- SOURCE DATA:
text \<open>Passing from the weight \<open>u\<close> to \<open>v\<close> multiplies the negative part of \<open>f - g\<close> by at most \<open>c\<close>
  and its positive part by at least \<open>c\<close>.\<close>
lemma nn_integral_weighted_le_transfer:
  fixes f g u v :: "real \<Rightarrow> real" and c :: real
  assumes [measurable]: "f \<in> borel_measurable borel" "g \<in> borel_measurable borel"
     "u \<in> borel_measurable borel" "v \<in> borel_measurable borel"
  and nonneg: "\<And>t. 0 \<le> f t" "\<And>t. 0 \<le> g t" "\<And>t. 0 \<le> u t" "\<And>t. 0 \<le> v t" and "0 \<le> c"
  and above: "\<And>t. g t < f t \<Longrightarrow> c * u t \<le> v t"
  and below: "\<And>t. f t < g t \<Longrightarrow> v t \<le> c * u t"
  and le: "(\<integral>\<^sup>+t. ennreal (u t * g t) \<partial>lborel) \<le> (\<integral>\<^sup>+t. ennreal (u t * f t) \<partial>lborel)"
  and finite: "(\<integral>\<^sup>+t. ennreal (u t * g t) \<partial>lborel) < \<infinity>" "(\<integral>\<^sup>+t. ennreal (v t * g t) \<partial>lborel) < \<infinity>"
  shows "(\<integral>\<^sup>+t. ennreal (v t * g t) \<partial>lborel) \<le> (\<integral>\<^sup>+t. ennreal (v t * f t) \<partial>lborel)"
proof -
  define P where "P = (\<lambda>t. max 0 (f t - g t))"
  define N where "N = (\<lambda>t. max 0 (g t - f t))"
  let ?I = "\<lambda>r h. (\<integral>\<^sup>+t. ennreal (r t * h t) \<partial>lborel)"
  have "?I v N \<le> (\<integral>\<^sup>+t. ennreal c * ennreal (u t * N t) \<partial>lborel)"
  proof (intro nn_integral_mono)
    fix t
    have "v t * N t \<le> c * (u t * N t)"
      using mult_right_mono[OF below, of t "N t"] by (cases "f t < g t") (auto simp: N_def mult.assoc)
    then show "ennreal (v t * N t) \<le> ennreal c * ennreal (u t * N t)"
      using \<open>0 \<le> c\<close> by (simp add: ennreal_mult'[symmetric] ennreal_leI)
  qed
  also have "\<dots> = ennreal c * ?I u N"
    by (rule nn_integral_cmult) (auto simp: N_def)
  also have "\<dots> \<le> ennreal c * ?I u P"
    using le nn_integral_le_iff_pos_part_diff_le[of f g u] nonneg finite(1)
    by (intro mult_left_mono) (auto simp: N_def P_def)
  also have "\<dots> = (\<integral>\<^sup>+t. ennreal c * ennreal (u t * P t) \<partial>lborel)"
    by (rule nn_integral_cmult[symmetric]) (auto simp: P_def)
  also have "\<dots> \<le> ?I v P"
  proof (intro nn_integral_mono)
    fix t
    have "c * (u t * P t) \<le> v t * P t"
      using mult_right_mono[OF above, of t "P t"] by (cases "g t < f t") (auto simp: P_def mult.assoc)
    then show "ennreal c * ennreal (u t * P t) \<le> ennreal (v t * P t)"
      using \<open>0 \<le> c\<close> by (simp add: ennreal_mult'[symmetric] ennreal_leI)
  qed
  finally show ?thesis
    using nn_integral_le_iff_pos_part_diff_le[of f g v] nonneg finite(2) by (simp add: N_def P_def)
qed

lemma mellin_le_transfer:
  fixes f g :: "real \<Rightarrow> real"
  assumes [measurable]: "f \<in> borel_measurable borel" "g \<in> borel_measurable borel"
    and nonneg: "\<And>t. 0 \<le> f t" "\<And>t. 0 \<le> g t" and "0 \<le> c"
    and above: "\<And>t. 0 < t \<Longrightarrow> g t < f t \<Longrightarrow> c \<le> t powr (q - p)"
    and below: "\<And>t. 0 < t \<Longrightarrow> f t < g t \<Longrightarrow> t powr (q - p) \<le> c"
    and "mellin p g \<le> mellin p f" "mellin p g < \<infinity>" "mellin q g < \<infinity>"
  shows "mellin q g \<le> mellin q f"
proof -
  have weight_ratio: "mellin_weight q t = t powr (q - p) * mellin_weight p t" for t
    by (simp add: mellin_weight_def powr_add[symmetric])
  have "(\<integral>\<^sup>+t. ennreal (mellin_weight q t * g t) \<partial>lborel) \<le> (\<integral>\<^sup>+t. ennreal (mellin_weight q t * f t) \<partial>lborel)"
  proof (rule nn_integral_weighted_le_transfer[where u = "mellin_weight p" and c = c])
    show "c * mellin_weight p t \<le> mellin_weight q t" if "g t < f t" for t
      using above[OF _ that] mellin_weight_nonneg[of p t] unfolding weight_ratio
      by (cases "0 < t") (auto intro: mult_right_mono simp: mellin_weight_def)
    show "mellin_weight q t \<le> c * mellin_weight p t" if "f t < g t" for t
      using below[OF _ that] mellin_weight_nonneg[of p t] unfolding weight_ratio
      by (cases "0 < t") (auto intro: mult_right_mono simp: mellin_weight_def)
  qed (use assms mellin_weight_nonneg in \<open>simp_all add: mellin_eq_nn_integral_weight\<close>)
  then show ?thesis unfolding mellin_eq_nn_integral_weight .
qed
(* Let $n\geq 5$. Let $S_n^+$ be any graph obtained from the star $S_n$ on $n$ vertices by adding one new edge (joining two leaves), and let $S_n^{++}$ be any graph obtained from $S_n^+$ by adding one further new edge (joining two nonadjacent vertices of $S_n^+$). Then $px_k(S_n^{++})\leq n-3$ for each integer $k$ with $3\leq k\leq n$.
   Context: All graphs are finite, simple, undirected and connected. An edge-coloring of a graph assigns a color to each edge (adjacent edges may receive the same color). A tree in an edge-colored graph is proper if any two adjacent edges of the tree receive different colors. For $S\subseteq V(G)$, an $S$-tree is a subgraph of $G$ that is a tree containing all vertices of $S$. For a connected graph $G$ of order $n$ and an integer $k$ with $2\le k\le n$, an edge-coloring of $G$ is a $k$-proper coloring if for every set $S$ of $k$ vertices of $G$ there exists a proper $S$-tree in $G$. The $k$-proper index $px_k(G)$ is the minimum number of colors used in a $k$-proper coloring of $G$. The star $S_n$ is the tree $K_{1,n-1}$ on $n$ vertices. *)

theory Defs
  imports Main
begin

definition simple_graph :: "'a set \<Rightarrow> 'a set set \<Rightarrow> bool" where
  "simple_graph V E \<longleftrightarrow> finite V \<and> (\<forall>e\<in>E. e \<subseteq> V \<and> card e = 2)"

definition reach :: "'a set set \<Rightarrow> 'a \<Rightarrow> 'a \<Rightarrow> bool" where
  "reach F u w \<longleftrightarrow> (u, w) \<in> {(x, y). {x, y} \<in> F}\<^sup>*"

- WHAT IS NEEDED: A single number is the answer here: how many lines of the material contain the string "thesis"?

- TASK SOLUTION: 2